Stored data –
════

definition inJdual :: "((nat \<Rightarrow> real) \<Rightarrow> real) \<Rightarrow> bool" where
  "inJdual f \<longleftrightarrow>
     (\<forall>x y a b. inJ x \<longrightarrow> inJ y \<longrightarrow> f (\<lambda>n. a * x n + b * y n) = a * f x + b * f y) \<and>
     (\<exists>C. \<forall>x. inJ x \<longrightarrow> \<bar>f x\<bar> \<le> C * J_norm x)"

definition dual_norm :: "((nat \<Rightarrow> real) \<Rightarrow> real) \<Rightarrow> real" where
  "dual_norm f = Sup {\<bar>f x\<bar> | x. inJ x \<and> J_norm x \<le> 1}"

definition l2_norm_seq :: "(nat \<Rightarrow> real) \<Rightarrow> real" where
  "l2_norm_seq x = sqrt (\<Sum>n. (x n)\<^sup>2)"

definition restr :: "(nat \<Rightarrow> real) \<Rightarrow> nat set \<Rightarrow> nat \<Rightarrow> real" where
  "restr x A = (\<lambda>n. if n \<in> A then x n else 0)"

definition NPR :: "(nat \<Rightarrow> real) \<Rightarrow> bool" where
  "NPR x \<longleftrightarrow> \<bar>\<Sum>n. x n\<bar>\<^sup>2 \<le> (\<Sum>n. \<bar>x n\<bar>\<^sup>2)"

definition NPR_hered :: "(nat \<Rightarrow> real) \<Rightarrow> bool" where
  "NPR_hered x \<longleftrightarrow> (\<forall>I. nat_interval I \<longrightarrow> NPR (restr x I))"

end

theory Submission
  imports Defs
begin

(* If x has NPR hereditarily, the NPR inequality on each interval of a disjoint family gives
   sum_i |sum_(I_i) x|^2 <= sum_i sum_(I_i) |x|^2 <= ||x||_2^2, so ||x||_J <= ||x||_2 and the
   supremum is at most ||x*||_*.

   Conversely, tails of vectors of J have small J-norm, so it suffices to bound x*(y) for y in the
   unit ball of J supported on {0..<n}. For such y the unit ball is cut out by finitely many
   constraints, one for each partition 0 = p_0 < ... < p_m = n: the squared block sums of y add up
   to at most 1. If the finest partition is not active (that is, ||y||_2 < 1), an exchange argument
   shows that some node k lies on no active partition. Moving y along +-(e_(k-1) - e_k), whose
   partial sums vanish off k, keeps every active constraint active and does not decrease x*(y);
   stopping at the first constraint that becomes active strictly reduces the number of inactive
   ones. The process ends with the finest partition active, i.e. ||y||_2 = 1, and then comparing it
   with the partition that merges the blocks of an interval I gives NPR for y restricted to I. *)

section \<open>Intervals and interval sums\<close>

lemma nat_interval_memI:
  "nat_interval I \<Longrightarrow> m \<in> I \<Longrightarrow> n \<in> I \<Longrightarrow> m \<le> k \<Longrightarrow> k \<le> n \<Longrightarrow> k \<in> I"
  unfolding nat_interval_def by blast

lemma nat_interval_nonempty: "nat_interval I \<Longrightarrow> I \<noteq> {}"
  unfolding nat_interval_def by blast

lemma nat_interval_atLeastLessThan: "a < b \<Longrightarrow> nat_interval {a..<b}"
  unfolding nat_interval_def by auto

lemma nat_interval_atLeast: "nat_interval {a..}"
  unfolding nat_interval_def by auto

lemma nat_interval_singleton: "nat_interval {a}"
  using nat_interval_atLeastLessThan[of a "Suc a"] by simp

lemma nat_interval_Int_atLeastLessThan:
  "nat_interval I \<Longrightarrow> I \<inter> {a..<b} \<noteq> {} \<Longrightarrow> nat_interval (I \<inter> {a..<b})"
  unfolding nat_interval_def[of "I \<inter> {a..<b}"] using nat_interval_memI[of I] by auto

lemma nat_interval_infinite:
  assumes "nat_interval I" "infinite I"
  shows "I = {(LEAST k. k \<in> I)..}"
proof
  show "I \<subseteq> {(LEAST k. k \<in> I)..}" by (auto intro: Least_le)
  have least: "(LEAST k. k \<in> I) \<in> I"
    using nat_interval_nonempty[OF assms(1)] by (auto intro: LeastI)
  show "{(LEAST k. k \<in> I)..} \<subseteq> I"
  proof
    fix k assume "k \<in> {(LEAST k. k \<in> I)..}"
    moreover obtain j where "j \<in> I" "k \<le> j"
      using assms(2) unfolding infinite_nat_iff_unbounded_le by blast
    ultimately show "k \<in> I" using nat_interval_memI[OF assms(1) least \<open>j \<in> I\<close>, of k] by simp
  qed
qed

lemma nat_interval_finite:
  assumes "nat_interval I" "finite I"
  shows "I = {Min I..Max I}"
proof
  show "I \<subseteq> {Min I..Max I}" using assms(2) by auto
  show "{Min I..Max I} \<subseteq> I"
    using nat_interval_memI[OF assms(1) Min_in[OF assms(2)] Max_in[OF assms(2)]]
      nat_interval_nonempty[OF assms(1)] by auto
qed

lemma sum_restr: "finite B \<Longrightarrow> sum (restr x A) B = sum x (B \<inter> A)"
  unfolding restr_def by (rule sum.inter_restrict[symmetric])

lemma restr_restr: "restr (restr x A) B = restr x (A \<inter> B)"
  unfolding restr_def by auto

════

Instructions to follow – Look over the data and work out how many lines include the word "where"; reply with the number only.

Task response – 7